Avevo un bel pallone rosso è il titolo di una filastrocca ritrovata su un quaderno appartenuto a Margherita Cagol quando era bambina: uno dei tanti documenti che si intersecano alla solida drammaturgia di Angela Demattè che, nell’omonimo spettacolo, racconta la vita della compagna di Renato Curcio e cofondatrice delle Brigate Rosse dall’infanzia alla morte, avvenuta nel 1975 durante uno scontro a fuoco con la polizia.
Da Margherita a Mara
La trasformazione dalla giovane studentessa modello Margherita alla Brigatista Mara Cagol è vista attraverso l’ottica del dramma familiare che filtra quello politico e ideologico. Filo rosso è il rapporto con il padre, uomo di provincia, religioso, di solidi principi, che aspirerebbe per lei ad una vita di “letizia”, termine desueto ma che ne riassume perfettamente la filosofia e arriva diretto al cuore, l’unica volta in cui viene pronunciato nel corso dello spettacolo.

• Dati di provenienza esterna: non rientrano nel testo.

(* Let $g$ be a positive integer and $t\ge 1$. Let $t=\sum_{i=1}^m 2^{u_i}$ be the binary expansion of $t$ with $0\le u_1<u_2<\cdots<u_m$, let $s_k=\sum_{i=k}^m 2^{u_i}$ for $k=1,\ldots,m$, and let $u_0=-1$. Then for $s\in\{1,\ldots,t\}$, $h_t(s)=1$ if and only if $s=s_k-j2^u$ for some $k\in\{1,\ldots,m\}$, some integer $u$ with $u_{k-1}<u\le u_k$ and some $j\in\{0,\ldots,g-1\}$ such that $2^u$ is the largest power of $2$ dividing $s$; in particular $j$ is even if $u=u_k$ and odd otherwise. As a consequence, at any time instant $t$ there are at most $\lceil g/2\rceil(\lfloor\log t\rfloor+1)$ segments that are valid and alive.
   Context: $\log$ denotes base-2 logarithm. For a parameter $g$ and integers $s\ge1$, $t\ge1$: write $s=o2^u$ with $o$ odd and $u\ge0$ (so $2^u$ is the largest power of 2 dividing $s$), and set $h_t(s)=1$ if $s\le t<s+g2^u$ and $h_t(s)=0$ otherwise. Markov weights: given switch probabilities $p(t|t')\in(0,1)$ for $1\le t'<t$, let $\{U_t\}$ be the Markov chain with $U_1=1$ and, for $t'<t$, $\Pr(U_t=t\mid U_{t-1}=t')=p(t|t')=1-\Pr(U_t=t'\mid U_{t-1}=t')$. A transition path $T=(t_1,\ldots,t_C;t)$ (with $1<t_1<\cdots<t_C\le t$) corresponds to the realization $(u_1,\ldots,u_t)$ with $u_{k-1}\ne u_k$ exactly for $k\in\{t_1,\ldots,t_C\}$, and the weight is $w_t(T)=\Pr(U_1=u_1,\ldots,U_t=u_t)$. The pruned switch probabilities are $\hat p(t|t')=1-h_t(t')(1-p(t|t'))$, and $\hat w_t$ is the weight function obtained from $\hat p$ in the same way. The segments of a path $T\in\mathcal T_t$ are the intervals $[t_c,t_{c+1})$ between consecutive switch points (with $t_0=1$). A segment is alive at time $t$ if it contains $t$, and valid if there is a path $T_t$ with $\hat w_t(T_t)>0$ that contains exactly that segment. *)

theory Defs
  imports Complex_Main "HOL-Computational_Algebra.Primes"
begin
lemma Omega_iff_block_energy:
  "W \<in> Omega L n k alpha E \<longleftrightarrow>
     (\<Sum>u\<in>L. block_energy (alpha u 1) (alpha u 2) (alpha u 3) k (l0 n W u))
       \<le> E - (\<Sum>u\<in>L. alpha u 4)"
  unfolding Omega_def block_energy_def by (simp add: sum.distrib algebra_simps)

lemma block_energy_mono:
  assumes "0 \<le> a1" "0 \<le> a2" "0 \<le> a3" "s \<le> m"
  shows "block_energy a1 a2 a3 k s \<le> block_energy a1 a2 a3 k m"
  unfolding block_energy_def
  using assms by (intro add_mono mult_left_mono) auto

lemma block_energy_eq_split_cost:
  "block_energy a1 a2 a3 k m
     = (a1 + a3) * real (min k m) + (a2 + a3) * (real m - real (min k m))"
  unfolding block_energy_def by (simp add: min_def max_def algebra_simps)

lemma block_energy_le_split_cost:
  assumes "a1 \<le> a2" "p \<le> k" "p \<le> m"
  shows "block_energy a1 a2 a3 k m \<le> (a1 + a3) * real p + (a2 + a3) * (real m - real p)"
proof -
  have "p \<le> min k m" using assms by simp
  then have "0 \<le> (a2 - a1) * (real (min k m) - real p)"
    using assms by (intro mult_nonneg_nonneg) auto
  then show ?thesis unfolding block_energy_eq_split_cost by (simp add: algebra_simps)
qed

lemma sum_two_valued:
  fixes a b :: real
  assumes "finite P"
  shows "(\<Sum>j\<in>P. if j \<in> T then a else b)
           = a * real (card (P \<inter> T)) + b * (real (card P) - real (card (P \<inter> T)))"
proof -
  have "card (P - T) = card P - card (P \<inter> T)"
    by (metis Int_commute assms card_Diff_subset_Int finite_Int)
  moreover have "card (P \<inter> T) \<le> card P" using assms by (simp add: card_mono)
  ultimately show ?thesis
    using sum.Int_Diff[OF assms, of "\<lambda>j. if j \<in> T then a else b" T] by (simp add: of_nat_diff)
qed

lemma sum_le_sum_if_dominated:
  fixes g :: "'a \<Rightarrow> real"
  assumes "finite X" and "card Y = card X" and dom: "\<forall>x\<in>X. \<forall>y\<in>Y. g y \<le> g x"
  shows "sum g Y \<le> sum g X"
proof (cases "X = {}")
  case True
  then have "card Y = 0" using assms by simp
  then show ?thesis using True by (cases "finite Y") auto
next
  case False
  define m where "m = Min (g ` X)"
  have "m \<in> g ` X" unfolding m_def using False \<open>finite X\<close> by simp
  then have "\<forall>y\<in>Y. g y \<le> m" using dom by blast
  then have "sum g Y \<le> real (card Y) * m" by (intro sum_bounded_above) auto
  also have "\<dots> \<le> sum g X"
    using sum_bounded_below[of X m g] assms unfolding m_def by simp
  finally show ?thesis .
qed

text \<open>Trade min(|S|, |T|) - |S \<inter> T| elements of S outside T for as many elements of T;
  each trade replaces a value of g outside T by a value inside T.\<close>
lemma exists_subset_meeting_top:
  fixes g :: "'a \<Rightarrow> real"
  assumes "finite U" "T \<subseteq> U" "S \<subseteq> U"
    and top: "\<forall>j\<in>T. \<forall>j'\<in>U - T. g j' \<le> g j"
  shows "\<exists>S'\<subseteq>U. card (S' \<inter> T) = min (card S) (card T) \<and> card S' = card S
           \<and> sum g S \<le> sum g S'"
proof -
  have fin: "finite S" "finite T" using assms finite_subset by blast+
  define a where "a = card (S \<inter> T)"
  define q where "q = min (card S) (card T)"
  have cardS: "card S = a + card (S - T)"
    unfolding a_def using fin by (metis Int_Diff_disjoint Int_Diff_Un card_Un_disjoint finite_Diff finite_Int)
  have cardT: "card T = a + card (T - S)"
    unfolding a_def using fin by (metis Int_commute Int_Diff_disjoint Int_Diff_Un card_Un_disjoint finite_Diff finite_Int)
  have "a \<le> q" unfolding q_def using cardS cardT by simp
  obtain R where R: "R \<subseteq> T - S" "card R = q - a"
    using obtain_subset_with_card_n[of "q - a" "T - S"] cardT q_def by force
  obtain D where D: "D \<subseteq> S - T" "card D = q - a"
    using obtain_subset_with_card_n[of "q - a" "S - T"] cardS q_def by force
  have finRD: "finite R" "finite D" using R D fin finite_subset by blast+
  define S' where "S' = (S - D) \<union> R"
  have "S' \<inter> T = (S \<inter> T) \<union> R" unfolding S'_def using R D by blast
  moreover have "card ((S \<inter> T) \<union> R) = a + card R"
    unfolding a_def using R fin finRD by (intro card_Un_disjoint) auto
  ultimately have "card (S' \<inter> T) = q" using R \<open>a \<le> q\<close> by simp
  moreover have "card S' = card S"
  proof -
    have "card S' = card (S - D) + card R"
      unfolding S'_def using R fin finRD by (intro card_Un_disjoint) auto
    moreover have "card (S - D) = card S - card D"
      using D finRD by (intro card_Diff_subset) auto
    moreover have "card D \<le> card S" using D fin by (intro card_mono) auto
    ultimately show ?thesis using R D by simp
  qed
  moreover have "sum g S \<le> sum g S'"
  proof -
    have "\<forall>x\<in>R. \<forall>y\<in>D. g y \<le> g x" using R D top \<open>S \<subseteq> U\<close> by blast
    then have "sum g D \<le> sum g R"
      using R D finRD by (intro sum_le_sum_if_dominated) auto
    moreover have "sum g S = sum g (S - D) + sum g D"
      using D fin by (intro sum.subset_diff) auto
    moreover have "sum g S' = sum g (S - D) + sum g R"
      unfolding S'_def using R fin finRD by (intro sum.union_disjoint) auto
    ultimately show ?thesis by simp
  qed
  moreover have "S' \<subseteq> U" unfolding S'_def using assms R by blast
  ultimately show ?thesis unfolding q_def by blast
qed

La voglia di riformare a qualunque costo la società che in quel periodo, a cavallo tra gli anni ‘60 e i ’70, aveva contagiato molti giovani fino a spingerli a compiere azioni di violenza estrema, si confronta e si scontra con la visione semplice, piccolo borghese del genitore che, nonostante l’accentuarsi della distanza con la figlia, e l’incapacità di comprenderne le ragioni, cercherà di restarle sempre accanto.
Ai fini dell’evoluzione del rapporto è fondamentale l’aspetto linguistico. La Demattè sceglie di far parlare i due protagonisti in dialetto veneto trentino, a sottolineare la dimensione di intimità familiare, soprattutto nella prima parte. L’italiano è riservato ai telegiornali, ai dispacci delle Brigate Rosse, ai vari documenti d’epoca che fanno da corollario alla storia. E l’italiano è anche la lingua che parlerà Mara, quando, dopo il trasferimento da Trento a Milano, avrà cessato di essere Margherita, marcando definitivamente il distacco con il suo passato e con il padre che, invece, non smetterà mai di esprimersi nel suo dialetto.
Regia attenta e misurata, con due grandi prove d’attore
Questo testo, vincitore del premio Riccione 2009, è stato riproposto in un nuovo allestimento prodotto dal Centro Teatrale Bresciano in collaborazione con LuganoInScena e Teatro Piemonte Europa. Carmelo Rifici, che ne firma la regia, sceglie di mantenersi estraneo a qualsiasi forma di giudizio, assumendo il ruolo di un narratore esterno, che, pur non prendendo posizione, coglie con grande sensibilità la profonda umanità dei protagonisti. Attenta, curata, dai toni intimisti, la regia ambienta la vicenda nella semplice ma efficace scenografia firmata da Paolo di Benedetto, che rappresenta sia la casa di Trento che l’appartamento di Milano. Struggente la scena finale che ricalca perfettamente quella iniziale in una sorta di onirica ciclicità.
Andrea Castelli e Francesca Porrini regalano una grande prova d’attore, ricca di sfumature, mai forzata: lui nel suo amore paterno umanissimo e senza condizioni, lei nel progressivo estraniarsi, vittima dell’ideologia.
Uno spettacolo delicato e potente allo stesso tempo che affronta ferite ancora aperte del nostro recente passato con grande efficacia.